# Tamron 17-50mm VC with Nikon D3100?



## abrunks (Feb 16, 2011)

Hello,

I just recently bought a new Nikon D3100 and am looking to upgrade the kit lens. Here's what I'm looking for:

-max aperture f/2.8
-VR/VC/OS feature
-mid range "street" lens


The Tamron 17-50mm VC fits all of the above (and my budget) but I have  read from a few sources that the lens lacks an internal focusing motor.  Does the Tamron 17-50mm VC have an internal focusing motor? The entry  level D3100 does not have a focusing motor built into the body so if I  got a lens without an internal motor I'd be shooting blanks.

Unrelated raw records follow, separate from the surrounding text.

lemma sum_binom_poch_prod_level_snoc:
  fixes A :: "nat \<Rightarrow> 'a :: comm_ring_1"
  defines "K \<equiv> binom_poch_prod A"
  assumes len: "length ns = length ms" and "nl \<le> ml" and NM: "sum_list ns \<le> sum_list ms"
    and IH: "\<And>t. (\<Sum>x\<in>{x\<in>tbox ns ms. sum_list x = sum_list ns + t}. K x ns * K ms x)
      = K ms ns * of_nat ((sum_list ms - sum_list ns) choose t)"
  shows "(\<Sum>x\<in>{x\<in>tbox (ns @ [nl]) (ms @ [ml]). sum_list x = sum_list (ns @ [nl]) + t}.
      K x (ns @ [nl]) * K (ms @ [ml]) x)
    = K (ms @ [ml]) (ns @ [nl]) * of_nat ((sum_list (ms @ [ml]) - sum_list (ns @ [nl])) choose t)"
proof -
  define N where "N = sum_list ns"
  define M where "M = sum_list ms"
  define L where "L = length ms"
  define e where "e = ml - nl"
  define z where "z = A L + of_nat (N + N + nl)"
  define w where "w xl \<sigma> = of_nat (xl choose nl) * pochhammer (A L + of_nat (\<sigma> + (N + nl))) (xl - nl)
      * (of_nat (ml choose xl) * pochhammer (A L + of_nat (M + (\<sigma> + xl))) (ml - xl))" for xl \<sigma>
  have factor: "K (xs @ [xl]) (ns @ [nl]) * K (ms @ [ml]) (xs @ [xl]) = K xs ns * K ms xs * w xl (sum_list xs)"
    if "xs \<in> tbox ns ms" for xs xl
    using that len unfolding K_def w_def N_def M_def L_def
    by (simp add: binom_poch_prod_snoc tbox_def algebra_simps)
  have level: "{xs\<in>tbox ns ms. sum_list xs + (j + nl) = N + nl + t}
      = (if j \<le> t then {xs\<in>tbox ns ms. sum_list xs = N + (t - j)} else {})" for j
  proof -
    have N_le: "N \<le> sum_list xs" if "xs \<in> tbox ns ms" for xs
      using sum_list_tbox(1)[OF that] len unfolding N_def by simp
    show ?thesis by (auto dest: N_le)
  qed
  have "(\<Sum>x\<in>{x\<in>tbox (ns @ [nl]) (ms @ [ml]). sum_list x = N + nl + t}. K x (ns @ [nl]) * K (ms @ [ml]) x)
      = (\<Sum>xl\<in>{0 + nl..e + nl}. \<Sum>xs\<in>{xs\<in>tbox ns ms. sum_list xs + xl = N + nl + t}.
          K xs ns * K ms xs * w xl (sum_list xs))"
    unfolding sum_tbox_snoc_level[OF len] e_def using factor \<open>nl \<le> ml\<close> by (intro sum.cong) auto
  also have "\<dots> = (\<Sum>j\<le>e. if j \<le> t then K ms ns * of_nat ((M - N) choose (t - j)) * w (j + nl) (N + (t - j)) else 0)"
    unfolding sum.shift_bounds_cl_nat_ivl atLeast0AtMost level
    by (intro sum.cong refl) (simp add: sum_distrib_right[symmetric] IH[folded N_def M_def] del: add_diff_assoc)
  also have "\<dots> = K ms ns * of_nat (ml choose nl) * (\<Sum>j\<le>e. (if j \<le> t then of_nat ((M - N) choose (t - j)) else 0)
      * of_nat (e choose j) * pochhammer (z + of_nat (t - j)) j * pochhammer (z + of_nat (M - N) + of_nat t) (e - j))"
    unfolding sum_distrib_left w_def z_def e_def
    using binom_poch_snoc_factor_reindex[of _ t nl ml N M "A L"] \<open>nl \<le> ml\<close> NM
    by (intro sum.cong refl) (auto simp: N_def M_def ac_simps)
  also have "\<dots> = K ms ns * of_nat (ml choose nl) * (of_nat ((M - N + e) choose t) * pochhammer (z + of_nat (M - N)) e)"
    by (simp only: pochhammer_binomial_convolution)
  also have "\<dots> = K (ms @ [ml]) (ns @ [nl]) * of_nat ((sum_list (ms @ [ml]) - sum_list (ns @ [nl])) choose t)"
    using NM \<open>nl \<le> ml\<close> unfolding K_def binom_poch_prod_snoc[OF len] z_def e_def N_def M_def L_def
    by (simp add: algebra_simps)
  finally show ?thesis unfolding N_def by simp
qed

Thanks for any help and I'm also open to other lens suggestions.


----------



## JustAnEngineer (Feb 16, 2011)

SP 17-50mm F/2.8 Di II VC LD Aspherical (IF); Tamron USA, Inc.



			
				Tamron said:
			
		

> Mount: Canon, Nikon with *Built-In Motor*


 *BIM* is Tamron's way of saying that the Di-II 17-50mm f/2.8 VC  lens will auto-focus with entry-level Nikon DSLRs (like Nikon's AF-S  lenses will).

The full Tamron lens compatibility table is here:
http://www.tamron-usa.com/lenses/prod/assets/pdfs/slr_compatability_chart.pdf

Some reviews suggest that the non-VC version of the Tamron lens may be sharper.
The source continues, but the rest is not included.